Since a major national anti-smoking group has expressed support for firing smokers in the workplace in order to save employers health care costs and protect nonsmoking employees from having to "subsidize" health care costs for smokers, I feel compelled to offer a detailed commentary on this policy issue. This is the second of a three-part series devoted to this important issue. My first post presented my own plan to save employers money spent on health care and to prevent employees from having to subsidize health care costs of their fellow workers.
The background for this commentary is as follows:
According to a press release issued by Action on Smoking and Health (ASH), a Washington, D.C.-based anti-smoking organization: "firing smokers is an appropriate and very effective way to stop burdening the great majority of employees who wisely chose not to smoke with the enormous unnecessary costs of smoking by their fellow employees."
The Rest of the Story
According to the Lung Cancer Alliance, "over 60% of new lung cancers are diagnosed in people who never smoked or who managed to quit smoking even decades ago."
In fact, the majority of lung cancer cases do NOT occur in smokers.

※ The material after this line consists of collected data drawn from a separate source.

lemma sum_squares_transfer_result_le:
  fixes L :: "'a::finite \<Rightarrow> real"
  assumes vp: "valid_proposals E L prop" and va: "valid_accepts L prop acc"
  shows "(\<Sum>u\<in>UNIV. (transfer_result L acc u)\<^sup>2)
       \<le> (\<Sum>u\<in>UNIV. (L u)\<^sup>2) - 2 * (\<Sum>v\<in>UNIV. (received L acc v)\<^sup>2)"
proof -
  let ?r = "received L acc" and ?s = "sent L acc"
  have s_nonneg: "0 \<le> ?s u" for u
    unfolding sent_def by (intro sum_nonneg received_nonneg[OF vp va])
  have sum_s_sq: "(\<Sum>u\<in>UNIV. (?s u)\<^sup>2) = (\<Sum>v\<in>UNIV. (?r v)\<^sup>2)"
    unfolding sent_squared[OF va] sum_accepted_swap
    by (intro sum.cong) (auto simp: received_def split: option.split)
  \<comment> \<open>each accepted transfer from \<open>w\<close> to \<open>v\<close> contributes \<open>L v - L w = -2 * received L acc v\<close>\<close>
  have cross: "(\<Sum>u\<in>UNIV. L u * ?r u) - (\<Sum>u\<in>UNIV. L u * ?s u) = - 2 * (\<Sum>v\<in>UNIV. (?r v)\<^sup>2)"
    unfolding sum_sent_weighted sum_subtractf[symmetric] sum_distrib_left
    by (intro sum.cong) (auto simp: received_def power2_eq_square field_simps split: option.split)
  have "(\<Sum>u\<in>UNIV. (transfer_result L acc u)\<^sup>2)
      \<le> (\<Sum>u\<in>UNIV. (L u)\<^sup>2 + 2 * (L u * ?r u) - 2 * (L u * ?s u) + (?r u)\<^sup>2 + (?s u)\<^sup>2)"
    unfolding transfer_result_eq
  proof (rule sum_mono)
    fix u
    have "0 \<le> ?r u * ?s u" using received_nonneg[OF vp va] s_nonneg by simp
    then show "(L u + ?r u - ?s u)\<^sup>2 \<le> (L u)\<^sup>2 + 2 * (L u * ?r u) - 2 * (L u * ?s u) + (?r u)\<^sup>2 + (?s u)\<^sup>2"
      by (simp add: power2_eq_square algebra_simps)
  qed
  also have "\<dots> = (\<Sum>u\<in>UNIV. (L u)\<^sup>2) + 2 * ((\<Sum>u\<in>UNIV. L u * ?r u) - (\<Sum>u\<in>UNIV. L u * ?s u))
       + (\<Sum>u\<in>UNIV. (?r u)\<^sup>2) + (\<Sum>u\<in>UNIV. (?s u)\<^sup>2)"
    by (simp add: sum.distrib sum_subtractf sum_distrib_left algebra_simps)
  also have "\<dots> = (\<Sum>u\<in>UNIV. (L u)\<^sup>2) - 2 * (\<Sum>v\<in>UNIV. (?r v)\<^sup>2)"
    unfolding cross sum_s_sq by simp
  finally show ?thesis .
qed

lemma potential_eq_sum_squares:
  fixes X :: "'a::finite \<Rightarrow> real"
  shows "potential X = (\<Sum>u\<in>UNIV. (X u)\<^sup>2) - real (card (UNIV::'a set)) * (Lavg X)\<^sup>2"
proof -
  let ?n = "real (card (UNIV::'a set))"
  have "potential X = (\<Sum>u\<in>UNIV. (X u)\<^sup>2 - 2 * Lavg X * X u + (Lavg X)\<^sup>2)"
    unfolding potential_def by (intro sum.cong) (simp_all add: power2_diff)
  also have "\<dots> = (\<Sum>u\<in>UNIV. (X u)\<^sup>2) - 2 * Lavg X * (\<Sum>u\<in>UNIV. X u) + ?n * (Lavg X)\<^sup>2"
    by (simp add: sum.distrib sum_subtractf sum_distrib_left)
  also have "(\<Sum>u\<in>UNIV. X u) = ?n * Lavg X" by (simp add: Lavg_def)
  finally show ?thesis by (simp add: power2_eq_square)
qed

lemma potential_transfer_result_le:
  fixes L :: "'a::finite \<Rightarrow> real"
  assumes "valid_proposals E L prop" and "valid_accepts L prop acc"
  shows "potential (transfer_result L acc) \<le> potential L - 2 * (\<Sum>v\<in>UNIV. (received L acc v)\<^sup>2)"
proof -
  have "Lavg (transfer_result L acc) = Lavg L" by (simp add: Lavg_def sum_transfer_result)
  then show ?thesis
    using sum_squares_transfer_result_le[OF assms] by (simp add: potential_eq_sum_squares)
qed

lemma potential_le_discrepancy:
  fixes L :: "'a::finite \<Rightarrow> real"
  shows "4 * potential L \<le> real (card (UNIV::'a set)) * (discrepancy L)\<^sup>2"
proof -
  let ?n = "real (card (UNIV::'a set))"
  define c where "c = (Lmax L + Lmin L) / 2"
  \<comment> \<open>the mean minimises the sum of squared deviations, so compare with the midrange \<open>c\<close>\<close>
  have "(\<Sum>u\<in>UNIV. (L u - c)\<^sup>2)
      = (\<Sum>u\<in>UNIV. (L u - Lavg L)\<^sup>2 + 2 * (Lavg L - c) * (L u - Lavg L) + (Lavg L - c)\<^sup>2)"
    by (intro sum.cong) (simp_all add: power2_eq_square algebra_simps)
  also have "\<dots> = potential L + 2 * (Lavg L - c) * (\<Sum>u\<in>UNIV. L u - Lavg L) + ?n * (Lavg L - c)\<^sup>2"
    by (simp add: potential_def sum.distrib sum_distrib_left[symmetric])
  also have "(\<Sum>u\<in>UNIV. L u - Lavg L) = 0" by (simp add: sum_subtractf Lavg_def)
  finally have "(\<Sum>u\<in>UNIV. (L u - c)\<^sup>2) = potential L + ?n * (Lavg L - c)\<^sup>2" by simp
  then have "4 * potential L \<le> (\<Sum>u\<in>UNIV. 4 * (L u - c)\<^sup>2)"
    by (simp add: sum_distrib_left[symmetric])
  also have "\<dots> \<le> (\<Sum>u\<in>(UNIV::'a set). (discrepancy L)\<^sup>2)"
  proof (rule sum_mono)
    fix u
    have "Lmin L \<le> L u" "L u \<le> Lmax L" by (simp_all add: Lmin_def Lmax_def)
    then have "\<bar>2 * (L u - c)\<bar> \<le> \<bar>discrepancy L\<bar>"
      unfolding c_def discrepancy_def by (simp add: abs_le_iff field_simps)
    then have "(2 * (L u - c))\<^sup>2 \<le> (discrepancy L)\<^sup>2" by (simp only: abs_le_square_iff)
    then show "4 * (L u - c)\<^sup>2 \<le> (discrepancy L)\<^sup>2" by (simp only: power_mult_distrib) simp
  qed
  finally show ?thesis by simp
qed

lemma graph_dist_le: "(E ^^ k) u v \<Longrightarrow> graph_dist E u v \<le> k"
  unfolding graph_dist_def by (rule Least_le)

lemma graph_dist_relpowp:
  assumes "E\<^sup>*\<^sup>* u v"
  shows "(E ^^ graph_dist E u v) u v"
  unfolding graph_dist_def using rtranclp_imp_relpowp[OF assms] by (rule LeastI_ex)

lemma graph_dist_eq_0_iff:
  assumes "E\<^sup>*\<^sup>* u v"
  shows "graph_dist E u v = 0 \<longleftrightarrow> u = v"
  using graph_dist_relpowp[OF assms] graph_dist_le[where k = 0] by auto

lemma graph_dist_edge_le:
  assumes "E\<^sup>*\<^sup>* m x" and "E x y"
  shows "graph_dist E m y \<le> Suc (graph_dist E m x)"
  by (rule graph_dist_le[OF relpowp_Suc_I[OF graph_dist_relpowp[OF assms(1)] assms(2)]])

lemma graph_dist_common_neighbour:
  assumes sym: "\<And>u v. E u v \<Longrightarrow> E v u" and connected: "\<And>u v. E\<^sup>*\<^sup>* u v"
    and "E x v" and "E y v"
  shows "graph_dist E m y \<le> graph_dist E m x + 2"
  using graph_dist_edge_le[OF connected \<open>E x v\<close>, of m]
    graph_dist_edge_le[OF connected sym[OF \<open>E y v\<close>], of m] by simp

lemma shortest_path_exists:
  assumes connected: "\<And>u v. E\<^sup>*\<^sup>* u v"
  shows "\<exists>f. f 0 = m \<and> f (graph_dist E m x) = x
           \<and> (\<forall>i < graph_dist E m x. E (f i) (f (Suc i)))
           \<and> (\<forall>i \<le> graph_dist E m x. graph_dist E m (f i) = i)"
proof -
  have "\<exists>f. f 0 = m \<and> f k = x \<and> (\<forall>i<k. E (f i) (f (Suc i))) \<and> (\<forall>i\<le>k. graph_dist E m (f i) = i)"
    if "graph_dist E m x = k" for k
  using that proof (induction k arbitrary: x)
    case 0
    then show ?case by (intro exI[of _ "\<lambda>_. m"]) (simp add: graph_dist_eq_0_iff[OF connected])
  next
    case (Suc k)
    from graph_dist_relpowp[OF connected, of m x] Suc.prems
    obtain y where y: "(E ^^ k) m y" "E y x" by (auto elim: relpowp_Suc_E)
    have "graph_dist E m y = k"
      using graph_dist_le[OF y(1)] graph_dist_edge_le[OF connected y(2), of m] Suc.prems by simp
    with Suc.IH obtain f where "f 0 = m" "f k = y" "\<forall>i<k. E (f i) (f (Suc i))"
      "\<forall>i\<le>k. graph_dist E m (f i) = i" by blast
    with y(2) Suc.prems show ?case
      by (intro exI[of _ "f(Suc k := x)"]) (auto simp: less_Suc_eq le_Suc_eq)
  qed
  then show ?thesis by blast
qed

They occur in ex-smokers. Approximately 50% of lung cancer cases occur in former smokers, compared to just 35-40% in current smokers. For an employer, hiring a current smoker is statistically less likely to result in incurring high costs for the treatment of lung cancer than hiring a former smoker.
It is quite clear that ex-smokers, even if they quit a long time ago, represent a significant and substantial risk to the employer of having to face the inordinately high costs of medical treatment of these individual employees for lung cancer.

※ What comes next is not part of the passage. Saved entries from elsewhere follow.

text \<open>Let A a = Q a - V be the advantage at s and w a = f (A a) the density of \<pi> s
with respect to \<pi>h s.  As f is monotone, w a - f 0 has the sign of A a, so
E[w A] \<ge> f 0 * E[A] = 0 under \<pi>h s; since E[w] = 1, E[w A] is exactly E[Q] - V with
the first expectation taken under \<pi> s.  The rest is regularity: for bounded rewards and
\<gamma> < 1 the truncated returns Qn change by at most B \<gamma>^n per step, so their limit Qfun is
jointly measurable and bounded by B / (1 - \<gamma>), which makes every integral above a genuine
Bochner integral.\<close>

lemma (in prob_space) abs_integral_le_const:
  fixes g :: "'a \<Rightarrow> real"
  assumes "\<And>x. x \<in> space M \<Longrightarrow> \<bar>g x\<bar> \<le> C"
  shows "\<bar>\<integral>x. g x \<partial>M\<bar> \<le> C"
proof (cases "integrable M g")
  case True
  have "\<bar>\<integral>x. g x \<partial>M\<bar> \<le> (\<integral>x. \<bar>g x\<bar> \<partial>M)"
    by (rule integral_abs_bound)
  also have "\<dots> \<le> C"
    using True assms by (intro integral_le_const) auto
  finally show ?thesis .
next
  case False
  obtain x where "x \<in> space M"
    using not_empty by blast
  with assms have "0 \<le> C"
    by force
  with False show ?thesis
    by (simp add: not_integrable_integral_eq)
qed

lemma prob_algebra_kernelD:
  assumes "K \<in> M \<rightarrow>\<^sub>M prob_algebra N" "x \<in> space M"
  shows "prob_space (K x)" "sets (K x) = sets N" "space (K x) = space N"
  using measurable_space[OF assms] by (auto simp: space_prob_algebra cong: sets_eq_imp_space_eq)

lemma prob_algebra_kernel_integrable:
  fixes g :: "'b \<Rightarrow> real"
  assumes K: "K \<in> M \<rightarrow>\<^sub>M prob_algebra N" and x: "x \<in> space M"
    and g: "g \<in> borel_measurable N" and bounded: "\<And>y. y \<in> space N \<Longrightarrow> \<bar>g y\<bar> \<le> C"
  shows "integrable (K x) g"
proof -
  interpret prob_space "K x"
    using prob_algebra_kernelD(1)[OF K x] .
  show ?thesis
    using g bounded prob_algebra_kernelD(2,3)[OF K x]
    by (intro integrable_const_bound[where B=C] AE_I2) (simp_all cong: measurable_cong_sets)
qed

lemma integral_measurable_subprob_algebra2:
  fixes f :: "'x \<Rightarrow> 'y \<Rightarrow> real"
  assumes f[measurable]: "(\<lambda>(x, y). f x y) \<in> borel_measurable (M \<Otimes>\<^sub>M N)"
    and L[measurable]: "L \<in> M \<rightarrow>\<^sub>M subprob_algebra N"
    and bounded: "\<And>x y. x \<in> space M \<Longrightarrow> y \<in> space N \<Longrightarrow> \<bar>f x y\<bar> \<le> C"
  shows "(\<lambda>x. \<integral>y. f x y \<partial>L x) \<in> borel_measurable M"
proof -
  have "(\<lambda>x. enn2real (\<integral>\<^sup>+y. f x y \<partial>L x) - enn2real (\<integral>\<^sup>+y. - f x y \<partial>L x))
      \<in> borel_measurable M"
    by (intro borel_measurable_diff borel_measurable_enn2real
        nn_integral_measurable_subprob_algebra2[where N=N]) (auto simp: case_prod_beta)
  moreover have "(\<integral>y. f x y \<partial>L x)
      = enn2real (\<integral>\<^sup>+y. f x y \<partial>L x) - enn2real (\<integral>\<^sup>+y. - f x y \<partial>L x)"
    if x: "x \<in> space M" for x
  proof (rule real_lebesgue_integral_def)
    interpret subprob_space "L x"
      using subprob_space_kernel[OF L x] .
    have "f x \<in> borel_measurable (L x)"
      using measurable_Pair2[OF f x] by (simp add: sets_kernel[OF L x] cong: measurable_cong_sets)
    then show "integrable (L x) (f x)"
      using bounded[OF x] sets_eq_imp_space_eq[OF sets_kernel[OF L x]]
      by (intro integrable_const_bound[where B=C] AE_I2) simp_all
  qed
  ultimately show ?thesis
    by (simp cong: measurable_cong)
qed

In the CPS-II cohort study, former 1+ pack per day male smokers who quit within the past year actually had the highest observed relative risk of getting lung cancer compared to male never smokers (50.7), even higher than the relative risk for current pack a day smokers (26.9). And the relative risk for lung cancer remained quite high (12.6) for former pack a day smokers who had quit up to 15 years earlier. Even former pack a day or more smokers who quit greater than or equal to 16 years previously had a relative risk of lung cancer of 5.5 (from 1990 Surgeon General's report: U.S. Department of Health and Human Services. The Health Benefits of Smoking Cessation: A Report of the Surgeon General. Atlanta, GA: Centers for Disease Control, 1990).

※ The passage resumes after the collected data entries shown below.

(* Let $E$ be a real topological vector space, $\Omega$ a nonempty open subset of $E$, and $f_0,\dots,f_m:\Omega\to\mathbb{R}$. Let $\hat{x}$ be a solution of the problem $(\mathcal{Q}_1)$: minimize $f_0(x)$ subject to $x\in\Omega$ and $f_i(x)\le0$ for all $i\in\{1,\dots,m\}$. Assume that $F=(f_0,f_1,\dots,f_m)$ is $D^+_M$-pseudoconvex at $\hat{x}$ and that $f_j$ is upper semicontinuous at $\hat{x}$ for every $j\in\{1,\dots,m\}$ with $f_j(\hat{x})<0$. Then there exists a nonzero $(\lambda^0,\dots,\lambda^m)\in\mathbb{R}^{m+1}$ such that (a) $\lambda^i\ge0$ for $i=0,\dots,m$; (b) $\lambda^if_i(\hat{x})=0$ for $i=1,\dots,m$; (c) with $f=\sum_{i=0}^m\lambda^if_i$, for every $x\in\Omega$ we have $\lambda^0f_0(\hat{x})=f(\hat{x})\le f(x)$.
   Context: $D^+f(x)(u):=\limsup_{t\to0^+}\frac{f(x+tu)-f(x)}{t}$ (with $D^+f(x)(0)=0$), $D^+_Mf(x)(u):=\sup_{w\in E}\{D^+f(x)(u+w)-D^+f(x)(w)\}$; $f$ is $D^+_M$-differentiable at $x$ if both are finite for all $u\in E$. A map $F=(f_0,\dots,f_m):\Omega\to\mathbb{R}^{m+1}$ is $D^+_M$-differentiable at $\hat{x}$ if each $f_i$ is, and then $D^+_MF(\hat{x}):=(D^+_Mf_0(\hat{x}),\dots,D^+_Mf_m(\hat{x}))$. $F$ is $D^+_M$-pseudoconvex at $\hat{x}$ if it is $D^+_M$-differentiable at $\hat{x}$ and for every $x\in\Omega$ there exists $\eta=\eta(x,\hat{x})\in E$ such that for all $w\in(\mathbb{R}_+)^{m+1}$: $\langle w,D^+_MF(\hat{x})(\eta)\rangle\ge0\implies\langle w,F(x)-F(\hat{x})\rangle\ge0$. *)

theory Defs
  imports "HOL-Analysis.Analysis"
begin

definition tvs_ops_continuous :: "'a::{real_vector,topological_space} itself \<Rightarrow> bool" where
  "tvs_ops_continuous _ \<longleftrightarrow>
     continuous_on UNIV (\<lambda>p::'a \<times> 'a. fst p + snd p) \<and>
     continuous_on UNIV (\<lambda>p::real \<times> 'a. fst p *\<^sub>R snd p)"

definition Dplus :: "('a::real_vector \<Rightarrow> real) \<Rightarrow> 'a \<Rightarrow> 'a \<Rightarrow> ereal" where
  "Dplus f x u = (if u = 0 then 0
      else Limsup (at_right (0::real)) (\<lambda>t. ereal ((f (x + t *\<^sub>R u) - f x) / t)))"

definition DplusM :: "('a::real_vector \<Rightarrow> real) \<Rightarrow> 'a \<Rightarrow> 'a \<Rightarrow> ereal" where
  "DplusM f x u = (SUP w. Dplus f x (u + w) - Dplus f x w)"

definition DplusM_differentiable :: "('a::real_vector \<Rightarrow> real) \<Rightarrow> 'a \<Rightarrow> bool" where
  "DplusM_differentiable f x \<longleftrightarrow>
     (\<forall>u. Dplus f x u \<noteq> \<infinity> \<and> Dplus f x u \<noteq> -\<infinity> \<and>
          DplusM f x u \<noteq> \<infinity> \<and> DplusM f x u \<noteq> -\<infinity>)"

text \<open>F = (f 0, ..., f m) is D^+_M-pseudoconvex at xh on Omega.  The inner product
  with w in (R_+)^(m+1) is written as a finite sum over {0..m}.\<close>
definition DplusM_pseudoconvex ::
    "nat \<Rightarrow> (nat \<Rightarrow> 'a::real_vector \<Rightarrow> real) \<Rightarrow> 'a set \<Rightarrow> 'a \<Rightarrow> bool" where
  "DplusM_pseudoconvex m F \<Omega> xh \<longleftrightarrow>
     (\<forall>i\<le>m. DplusM_differentiable (F i) xh) \<and>
     (\<forall>x\<in>\<Omega>. \<exists>\<eta>. \<forall>w::nat \<Rightarrow> real. (\<forall>i\<le>m. w i \<ge> 0) \<longrightarrow>
        (\<Sum>i\<le>m. w i * real_of_ereal (DplusM (F i) xh \<eta>)) \<ge> 0 \<longrightarrow>
        (\<Sum>i\<le>m. w i * (F i x - F i xh)) \<ge> 0)"

definition usc_at_within :: "('a::topological_space \<Rightarrow> real) \<Rightarrow> 'a \<Rightarrow> 'a set \<Rightarrow> bool" where
  "usc_at_within f x S \<longleftrightarrow> (\<forall>e>0. \<forall>\<^sub>F y in at x within S. f y < f x + e)"

end

theory Submission
  imports Defs
begin

(* If the objective and all active constraints had negative upper Dini derivative in a common
   direction, a short step from xh in that direction would stay feasible (the inactive constraints
   remain negative by upper semicontinuity) and decrease f 0.  Since D^+ is dominated by D^+_M,
   and D^+_M f i (xh) is sublinear, hence convex, the convex functions D^+_M f i (xh) with i = 0
   or i active have no common negative value.  A theorem of the alternative for finitely many
   convex functions then yields a convex combination of them that is nonnegative everywhere; its
   weights, extended by zero, are the multipliers, and pseudoconvexity turns nonnegativity of the
   combination at eta(x, xh) into f(xh) <= f(x). *)

lemma Dplus_scaleR_pos:
  fixes f :: "'a::real_vector \<Rightarrow> real"
  assumes s: "s > 0"
  shows "Dplus f x (s *\<^sub>R u) = ereal s * Dplus f x u"
proof (cases "u = 0")
  case True
  then show ?thesis by (simp add: Dplus_def)
next
  case False
  let ?q = "\<lambda>t. ereal ((f (x + t *\<^sub>R u) - f x) / t)"
  have q_scaled: "(\<lambda>t. ereal ((f (x + t *\<^sub>R (s *\<^sub>R u)) - f x) / t)) = (\<lambda>t. ereal s * ?q (s * t))"
  proof
    fix t
    show "ereal ((f (x + t *\<^sub>R (s *\<^sub>R u)) - f x) / t) = ereal s * ?q (s * t)"
      using s by (cases "t = 0") (auto simp: field_simps)
  qed
  have "Limsup (at_right 0) (\<lambda>t. ?q (s * t)) = Limsup (filtermap (times s) (at_right 0)) ?q"
    by (rule Limsup_filtermap_eq[symmetric]) (use s in \<open>auto simp: inj_def\<close>)
  also have "\<dots> = Limsup (at_right 0) ?q"
    using filtermap_times_pos_at_right[OF s, of 0] by simp
  finally have rescale: "Limsup (at_right 0) (\<lambda>t. ?q (s * t)) = Limsup (at_right 0) ?q" .
  have "Dplus f x (s *\<^sub>R u) = Limsup (at_right 0) (\<lambda>t. ereal s * ?q (s * t))"
    using False s by (simp only: Dplus_def q_scaled) simp
  also have "\<dots> = ereal s * Limsup (at_right 0) (\<lambda>t. ?q (s * t))"
    by (rule Limsup_ereal_mult_left) (use s in auto)
  also have "\<dots> = ereal s * Dplus f x u"
    using False by (simp add: rescale Dplus_def)
  finally show ?thesis .
qed

lemma Dplus_le_DplusM: "Dplus f x u \<le> DplusM f x u"
  unfolding DplusM_def by (rule SUP_upper2[of 0]) (simp_all add: Dplus_def)

lemma Dplus_neg_imp_eventually_less:
  assumes "Dplus f x u < 0"
  shows "\<forall>\<^sub>F t in at_right 0. f (x + t *\<^sub>R u) < f x"
proof -
  have "u \<noteq> 0" using assms by (auto simp: Dplus_def)
  with assms have "Limsup (at_right 0) (\<lambda>t. ereal ((f (x + t *\<^sub>R u) - f x) / t)) < ereal 0"
    by (simp add: Dplus_def zero_ereal_def)
  from Limsup_lessD[OF this]
  have "\<forall>\<^sub>F t in at_right 0. (f (x + t *\<^sub>R u) - f x) / t < 0" by simp
  with eventually_at_right_less[of "0::real"] show ?thesis
    by eventually_elim (simp add: divide_less_0_iff)
qed

lemma DplusM_differentiable_finite:
  assumes "DplusM_differentiable f x"
  shows "ereal (real_of_ereal (Dplus f x u)) = Dplus f x u"
    and "ereal (real_of_ereal (DplusM f x u)) = DplusM f x u"
  using assms by (auto simp: DplusM_differentiable_def ereal_real)

lemma Dplus_le_DplusM_real:
  assumes "DplusM_differentiable f x"
  shows "Dplus f x u \<le> ereal (real_of_ereal (DplusM f x u))"
  using Dplus_le_DplusM DplusM_differentiable_finite(2)[OF assms] by simp

lemma DplusM_real_upper:
  assumes "DplusM_differentiable f x"
  shows "real_of_ereal (Dplus f x (u + w)) - real_of_ereal (Dplus f x w) \<le> real_of_ereal (DplusM f x u)"
proof -
  have "Dplus f x (u + w) - Dplus f x w \<le> DplusM f x u"
    unfolding DplusM_def by (rule SUP_upper) simp
  moreover obtain a b c where
    "Dplus f x (u + w) = ereal a" "Dplus f x w = ereal b" "DplusM f x u = ereal c"
    using DplusM_differentiable_finite[OF assms] by metis
  ultimately show ?thesis by simp
qed

lemma DplusM_real_least:
  assumes "DplusM_differentiable f x"
    and "\<And>w. real_of_ereal (Dplus f x (u + w)) - real_of_ereal (Dplus f x w) \<le> c"
  shows "real_of_ereal (DplusM f x u) \<le> c"
proof -
  have "DplusM f x u \<le> ereal c"
    unfolding DplusM_def
  proof (rule SUP_least)
    fix w
    obtain a b where "Dplus f x (u + w) = ereal a" "Dplus f x w = ereal b"
      using DplusM_differentiable_finite[OF assms(1)] by metis
    then show "Dplus f x (u + w) - Dplus f x w \<le> ereal c"
      using assms(2)[of w] by simp
  qed
  then show ?thesis
    by (metis DplusM_differentiable_finite(2)[OF assms(1)] ereal_less_eq(3))
qed

lemma DplusM_real_scaleR_le:
  fixes f :: "'a::real_vector \<Rightarrow> real"
  assumes diff: "DplusM_differentiable f x" and s: "s > 0"
  shows "real_of_ereal (DplusM f x (s *\<^sub>R u)) \<le> s * real_of_ereal (DplusM f x u)"
proof (rule DplusM_real_least[OF diff])
  fix w :: 'a
  have d_scaled: "real_of_ereal (Dplus f x (s *\<^sub>R v)) = s * real_of_ereal (Dplus f x v)" for v
    using Dplus_scaleR_pos[OF s, of f x v] DplusM_differentiable_finite(1)[OF diff, of v]
    by (metis real_of_ereal.simps(1) times_ereal.simps(1))
  define v where "v = inverse s *\<^sub>R w"
  have "s *\<^sub>R u + w = s *\<^sub>R (u + v)" "w = s *\<^sub>R v"
    using s by (simp_all add: v_def scaleR_add_right)
  then have "real_of_ereal (Dplus f x (s *\<^sub>R u + w)) - real_of_ereal (Dplus f x w)
      = s * (real_of_ereal (Dplus f x (u + v)) - real_of_ereal (Dplus f x v))"
    by (simp add: d_scaled right_diff_distrib)
  also have "\<dots> \<le> s * real_of_ereal (DplusM f x u)"
    using DplusM_real_upper[OF diff] s by simp
  finally show "real_of_ereal (Dplus f x (s *\<^sub>R u + w)) - real_of_ereal (Dplus f x w)
      \<le> s * real_of_ereal (DplusM f x u)" .
qed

A study of 2,257 HMO members in California found that male former smokers actually had more physician visits than current smokers (Oakes TW, et al. Health service utilization by smokers and nonsmokers. Medical Care 1974; 12: 958-966). And another study found that male former smokers actually lose more days of work to illness than male current smokers (U.S. Department of Health and Human Services. The Health Consequences of Smoking: Cancer and Chronic Lung Disease in the Workplace. A Report of the Surgeon General. Office on Smoking and Health, 1985). And yet another study reported higher rates of chronic ilness, acute illness, and physician visits, and comparable rates of outpatient visits among former smokers (even those who quit more than one year previously) compared to current smokers (Balarajan R, et al. Smoking and state of health. British Medical Journal 1985; 291:1682).
If it is true that the "great majority of employees" who "wisely chose not to smoke" are being "burdened" with the "enormous unnecessary costs of smoking by their fellow employees," then it is certainly true as well that these employees are also being burdened with the enormous unnecessary costs of prior smoking by their fellow employees who most unwisely chose to smoke earlier in their lives.
Thus, to avoid burdening never smoking employees with the enormous unnecessary costs of smoking and prior smoking by their fellow employees, it only makes sense to fire both smokers and ex-smokers. I don't see any way that ASH could rationalize not including ex-smokers, who clearly represent an unfair burden on their employers and fellow employees because of their increased risk of disease. The data simply do not justify making a distinction between these two groups, if the concern is saving health care costs for the employer and not burdening fellow employees with unnecessary costs due to smoking by their fellow employees.
Now to tip my hat to myself, I must say that this policy of firing ex-smokers is a brilliant solution to getting around the problem of anti-discrimination laws in some states that prevent employers from making smoking a condition of employment. My policy doesn't make smoking a condition of employment. It makes previous smoking a condition of employment. Thus, in states where firing smokers is not allowed, employers can still save huge amounts of money by firing ex-smokers.
Second, my policy allows employers to retain young smokers, who are not likely to get sick, but to unload older ex-smokers, who are very likely to get sick and incur huge health care costs. And it avoids age discrimination by not basing the policy on age, but on former smoking status.
If ASH is serious about saving health care costs for employers and removing the burden on nonsmokers of the costs imposed upon them due to the poor choices of those who chose to smoke, then it should immediately call not only for the firing of smokers, but for the firing of ex-smokers as well.
In fact, there is every reason to believe that a policy of firing ex-smokers would be far more effective in saving health care dollars than a policy of firing smokers.